→ Exercise instructions
Would you transcribe exactly the lines below, starting at the one that contains "by (simp add: \<sigma>_def \<alpha>_def" and ending with the last line, both included? Leave out all other lines.

→ Given entries

+--

lemma sum_max_geometric_mean_le_Kn_sup:
  fixes z :: "'a \<Rightarrow> real"
  assumes I: "finite I" "I \<noteq> {}" and z: "\<And>i. i \<in> I \<Longrightarrow> z i > 0"
  shows "(\<Sum>i\<in>I. max (z i) ((\<Prod>i\<in>I. z i) powr (1 / card I))) \<le> Kn_sup (card I) * (\<Sum>i\<in>I. z i)"
proof -
  define n where "n = card I"
  define G where "G = (\<Prod>i\<in>I. z i) powr (1 / n)"
  define B where "B = {i\<in>I. G \<le> z i}"
  define S where "S = {i\<in>I. z i < G}"
  have n: "n \<ge> 1" using I by (simp add: n_def Suc_le_eq card_gt_0_iff)
  have sum_nonneg: "0 \<le> (\<Sum>i\<in>I. z i)" using z by (simp add: less_imp_le sum_nonneg)
  have BS: "finite B" "finite S" "B \<inter> S = {}" "B \<union> S = I" using I by (auto simp: B_def S_def)
  have "(\<Sum>i\<in>I. max (z i) G) \<le> Kn_sup n * (\<Sum>i\<in>I. z i)"
  proof (cases "S = {}")
    case True
    hence "(\<Sum>i\<in>I. max (z i) G) = (\<Sum>i\<in>I. z i)" by (intro sum.cong) (auto simp: S_def)
    thus ?thesis using one_le_Kn_sup[OF n] sum_nonneg by (simp add: mult_le_cancel_right1)
  next
    case False
    \<comment> \<open>With \<open>\<sigma>\<close> the geometric mean of the values below \<open>G\<close> and \<open>\<alpha> = G / \<sigma>\<close>, the values
      above \<open>G\<close> have geometric mean \<open>\<sigma> * \<alpha> powr (n / k)\<close>.\<close>
    define k where "k = card B"
    define \<sigma> where "\<sigma> = (\<Prod>i\<in>S. z i) powr (1 / card S)"
    define \<alpha> where "\<alpha> = G / \<sigma>"
    have nk: "n = k + card S" using card_Un_disjoint[OF BS(1-3)] BS(4) by (simp add: n_def k_def)
    have mean_le: "card J * (\<Prod>i\<in>J. z i) powr (1 / card J) \<le> (\<Sum>i\<in>J. z i)" if "J \<subseteq> I" "J \<noteq> {}" for J
      using that finite_subset[OF that(1) I(1)] z by (intro card_mult_geometric_mean_le_sum) (auto intro: less_imp_le)
    have "B \<noteq> {}"
      using ex_ge_geometric_mean[OF I, of z] z unfolding B_def G_def n_def by (auto intro: less_imp_le)
    hence k: "1 \<le> k" "k < n" using BS False nk by (auto simp: k_def Suc_le_eq card_gt_0_iff)
    have prod_pos: "0 < (\<Prod>i\<in>B. z i)" "0 < (\<Prod>i\<in>S. z i)" using z BS(4) by (auto intro!: prod_pos)
    have \<sigma>: "0 < \<sigma>" using prod_pos by (simp add: \<sigma>_def)
    have Y: "real (n - k) * \<sigma> \<le> (\<Sum>i\<in>S. z i)"
      using mean_le[of S] BS(4) False nk by (auto simp: \<sigma>_def)
    also have "\<dots> < (\<Sum>i\<in>S. G)" using BS False by (intro sum_strict_mono) (auto simp: S_def)
    finally have "1 < \<alpha>" using \<sigma> k by (simp add: \<alpha>_def nk)
    have "(\<Prod>i\<in>I. z i) = (\<Prod>i\<in>B. z i) * (\<Prod>i\<in>S. z i)"
      using prod.union_disjoint[OF BS(1-3), of z] BS(4) by simp
    hence "(\<Prod>i\<in>B. z i) powr (1 / k) = \<sigma> * \<alpha> powr (real n / real k)"
      using geometric_mean_of_block[OF prod_pos, of k "card S"] k nk
      by (simp add: \<sigma>_def \<alpha>_def G_def)
    hence X: "real k * \<sigma> * \<alpha> powr (real n / real k) \<le> (\<Sum>i\<in>B. z i)"
      using mean_le[of B] BS(4) \<open>B \<noteq> {}\<close> by (auto simp: k_def mult.assoc)
    have "(\<Sum>i\<in>I. max (z i) G) = (\<Sum>i\<in>B. max (z i) G) + (\<Sum>i\<in>S. max (z i) G)"
      using sum.union_disjoint[OF BS(1-3)] BS(4) by simp
    also have "\<dots> = (\<Sum>i\<in>B. z i) + real (n - k) * \<sigma> * \<alpha>"
      using \<sigma> nk sum.cong[of B B "\<lambda>i. max (z i) G" z] sum.cong[of S S "\<lambda>i. max (z i) G" "\<lambda>_. G"]
      by (auto simp: B_def S_def \<alpha>_def)
    also have "\<dots> \<le> Kn_ratio n \<alpha> k * ((\<Sum>i\<in>B. z i) + (\<Sum>i\<in>S. z i))"
      using Kn_ratio_two_blocks[OF \<open>1 < \<alpha>\<close> k(1) _ \<sigma> X Y] k by simp
    also have "\<dots> = Kn_ratio n \<alpha> k * (\<Sum>i\<in>I. z i)"
      using sum.union_disjoint[OF BS(1-3), of z] BS(4) by simp
    also have "\<dots> \<le> Kn_sup n * (\<Sum>i\<in>I. z i)"
      using Kn_ratio_le_Kn_sup[OF \<open>1 < \<alpha>\<close> k(1)] k sum_nonneg by (intro mult_right_mono) auto
    finally show ?thesis .
  qed
  thus ?thesis by (simp add: n_def G_def)
qed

+--

→ Your solution
      by (simp add: \<sigma>_def \<alpha>_def G_def)
    hence X: "real k * \<sigma> * \<alpha> powr (real n / real k) \<le> (\<Sum>i\<in>B. z i)"
      using mean_le[of B] BS(4) \<open>B \<noteq> {}\<close> by (auto simp: k_def mult.assoc)
    have "(\<Sum>i\<in>I. max (z i) G) = (\<Sum>i\<in>B. max (z i) G) + (\<Sum>i\<in>S. max (z i) G)"
      using sum.union_disjoint[OF BS(1-3)] BS(4) by simp
    also have "\<dots> = (\<Sum>i\<in>B. z i) + real (n - k) * \<sigma> * \<alpha>"
      using \<sigma> nk sum.cong[of B B "\<lambda>i. max (z i) G" z] sum.cong[of S S "\<lambda>i. max (z i) G" "\<lambda>_. G"]
      by (auto simp: B_def S_def \<alpha>_def)
    also have "\<dots> \<le> Kn_ratio n \<alpha> k * ((\<Sum>i\<in>B. z i) + (\<Sum>i\<in>S. z i))"
      using Kn_ratio_two_blocks[OF \<open>1 < \<alpha>\<close> k(1) _ \<sigma> X Y] k by simp
    also have "\<dots> = Kn_ratio n \<alpha> k * (\<Sum>i\<in>I. z i)"
      using sum.union_disjoint[OF BS(1-3), of z] BS(4) by simp
    also have "\<dots> \<le> Kn_sup n * (\<Sum>i\<in>I. z i)"
      using Kn_ratio_le_Kn_sup[OF \<open>1 < \<alpha>\<close> k(1)] k sum_nonneg by (intro mult_right_mono) auto
    finally show ?thesis .
  qed
  thus ?thesis by (simp add: n_def G_def)
qed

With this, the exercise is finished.